(* Let $G$, $w$, $\nu$ be as in the context, and let $\mathcal{S}=(S_m)_{m=0,\ldots,n}$ be a partition of $V(G)$ with $K_m(\mathcal{S})>0$ for all $m=0,\ldots,n-1$. Then for all $1\le p<\infty$ and all $f\in\ell^p_\nu(G)$ with $f|_{S_0}=0$, \[ \|f|_{V(G)\setminus S_0}\|_{p,\nu}\le\delta_{\mathcal{S},p}\|\nabla_w f\|_p, \] and for all bounded $f$ with $f|_{S_0}=0$, \[ \|f|_{V(G)\setminus S_0}\|_\infty\le n\,\|\nabla_w f\|_\infty. \]
   Context: $G$ is an undirected weighted graph: $V(G)$ is a (countable) vertex set and $w:V(G)\times V(G)\to[0,\infty)$ is symmetric with $w(u,u)=0$; edges are pairs with $w(u,v)\neq0$. $\nu:V(G)\to(0,\infty)$ is a fixed vertex weight; $\ell^p_\nu(G)$, $\|f\|_{p,\nu}=\left(\sum_v|f(v)|^p\nu(v)\right)^{1/p}$, $\|f|_A\|_{p,\nu}$ the same sum over $v\in A$; $\|f|_A\|_\infty=\sup_{v\in A}|f(v)|$. $\|\nabla_w f\|_p=\left(\sum_{u,v\in V(G)}|f(u)-f(v)|^pw(u,v)\right)^{1/p}$ for $p<\infty$, and $\|\nabla_w f\|_\infty=\sup\{|f(u)-f(v)|: w(u,v)>0\}$. $w_A(v)=\sum_{u\in A}w(u,v)$. $D_m=\sup_{v\in S_m}\frac{w_{S_{m+1}}(v)}{\nu(v)}$, $K_m=\inf_{v\in S_{m+1}}\frac{w_{S_m}(v)}{\nu(v)}$, and $\delta_{\mathcal{S},p}=\max_{k=1,\ldots,n}\left(\frac{1}{K_{k-1}}\sum_{m=k}^n\prod_{i=k}^{m-1}\frac{D_i}{K_i}\right)$ for $p=1$, $\delta_{\mathcal{S},p}=\left(\sum_{m=1}^n\left(\sum_{k=1}^mK_{k-1}^{-q/p}\left(\prod_{i=k}^{m-1}\frac{D_i}{K_i}\right)^{q/p}\right)^{p/q}\right)^{1/p}$ for $1<p<\infty$, $1/p+1/q=1$. Empty products equal $1$, empty sums equal $0$. *)

theory Defs
  imports "HOL-Analysis.Analysis"
begin

text \<open>Quantities that may be infinite are valued in ennreal = [0,\<infinity>].
  Real powers on [0,\<infinity>] for positive exponents: \<infinity> powr r = \<infinity>.\<close>
definition epowr :: "ennreal \<Rightarrow> real \<Rightarrow> ennreal" where
  "epowr x r = (if x = top then top else ennreal (enn2real x powr r))"

definition wA :: "('v \<Rightarrow> 'v \<Rightarrow> real) \<Rightarrow> 'v set \<Rightarrow> 'v \<Rightarrow> ennreal" where
  "wA w A v = (\<Sum>\<^sub>\<infinity> u\<in>A. ennreal (w u v))"

definition Dm :: "('v \<Rightarrow> 'v \<Rightarrow> real) \<Rightarrow> ('v \<Rightarrow> real) \<Rightarrow> (nat \<Rightarrow> 'v set) \<Rightarrow> nat \<Rightarrow> ennreal" where
  "Dm w \<nu> S m = (SUP v\<in>S m. wA w (S (Suc m)) v / ennreal (\<nu> v))"

definition Km :: "('v \<Rightarrow> 'v \<Rightarrow> real) \<Rightarrow> ('v \<Rightarrow> real) \<Rightarrow> (nat \<Rightarrow> 'v set) \<Rightarrow> nat \<Rightarrow> ennreal" where
  "Km w \<nu> S m = (INF v\<in>S (Suc m). wA w (S m) v / ennreal (\<nu> v))"

definition delta :: "('v \<Rightarrow> 'v \<Rightarrow> real) \<Rightarrow> ('v \<Rightarrow> real) \<Rightarrow> (nat \<Rightarrow> 'v set) \<Rightarrow> nat \<Rightarrow> real \<Rightarrow> ennreal" where
  "delta w \<nu> S n p =
    (let D = Dm w \<nu> S; K = Km w \<nu> S in
     if p = 1 then
       (SUP k\<in>{1..n}. (1 / K (k - 1)) * (\<Sum>m=k..n. \<Prod>i=k..<m. D i / K i))
     else
       (let q = p / (p - 1) in
        epowr (\<Sum>m=1..n. epowr (\<Sum>k=1..m. epowr (1 / K (k - 1)) (q / p)
                                     * epowr (\<Prod>i=k..<m. D i / K i) (q / p)) (p / q)) (1 / p)))"

definition pnorm :: "('v \<Rightarrow> real) \<Rightarrow> real \<Rightarrow> 'v set \<Rightarrow> ('v \<Rightarrow> real) \<Rightarrow> ennreal" where
  "pnorm \<nu> p A f = epowr (\<Sum>\<^sub>\<infinity> v\<in>A. ennreal (\<bar>f v\<bar> powr p * \<nu> v)) (1 / p)"

definition grad_pnorm :: "('v \<Rightarrow> 'v \<Rightarrow> real) \<Rightarrow> real \<Rightarrow> ('v \<Rightarrow> real) \<Rightarrow> ennreal" where
  "grad_pnorm w p f = epowr (\<Sum>\<^sub>\<infinity> (u,v)\<in>UNIV. ennreal (\<bar>f u - f v\<bar> powr p * w u v)) (1 / p)"

definition sup_norm :: "'v set \<Rightarrow> ('v \<Rightarrow> real) \<Rightarrow> ennreal" where
  "sup_norm A f = (SUP v\<in>A. ennreal \<bar>f v\<bar>)"

definition grad_sup_norm :: "('v \<Rightarrow> 'v \<Rightarrow> real) \<Rightarrow> ('v \<Rightarrow> real) \<Rightarrow> ennreal" where
  "grad_sup_norm w f = (SUP (u,v)\<in>{(u,v). w u v > 0}. ennreal \<bar>f u - f v\<bar>)"

end

theory Submission
  imports Defs
begin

[EXERCISE DETAILS] Repeat exactly the lines from the line containing "(\<Sum>m=k..n. \<Prod>i=k..<m. D i / K i))" through the end of the listing above; both boundary lines are part of the output.

[RESPONSE BELOW]
       (SUP k\<in>{1..n}. (1 / K (k - 1)) * (\<Sum>m=k..n. \<Prod>i=k..<m. D i / K i))
     else
       (let q = p / (p - 1) in
        epowr (\<Sum>m=1..n. epowr (\<Sum>k=1..m. epowr (1 / K (k - 1)) (q / p)
                                     * epowr (\<Prod>i=k..<m. D i / K i) (q / p)) (p / q)) (1 / p)))"

definition pnorm :: "('v \<Rightarrow> real) \<Rightarrow> real \<Rightarrow> 'v set \<Rightarrow> ('v \<Rightarrow> real) \<Rightarrow> ennreal" where
  "pnorm \<nu> p A f = epowr (\<Sum>\<^sub>\<infinity> v\<in>A. ennreal (\<bar>f v\<bar> powr p * \<nu> v)) (1 / p)"

definition grad_pnorm :: "('v \<Rightarrow> 'v \<Rightarrow> real) \<Rightarrow> real \<Rightarrow> ('v \<Rightarrow> real) \<Rightarrow> ennreal" where
  "grad_pnorm w p f = epowr (\<Sum>\<^sub>\<infinity> (u,v)\<in>UNIV. ennreal (\<bar>f u - f v\<bar> powr p * w u v)) (1 / p)"

definition sup_norm :: "'v set \<Rightarrow> ('v \<Rightarrow> real) \<Rightarrow> ennreal" where
  "sup_norm A f = (SUP v\<in>A. ennreal \<bar>f v\<bar>)"

definition grad_sup_norm :: "('v \<Rightarrow> 'v \<Rightarrow> real) \<Rightarrow> ('v \<Rightarrow> real) \<Rightarrow> ennreal" where
  "grad_sup_norm w f = (SUP (u,v)\<in>{(u,v). w u v > 0}. ennreal \<bar>f u - f v\<bar>)"

end

theory Submission
  imports Defs
begin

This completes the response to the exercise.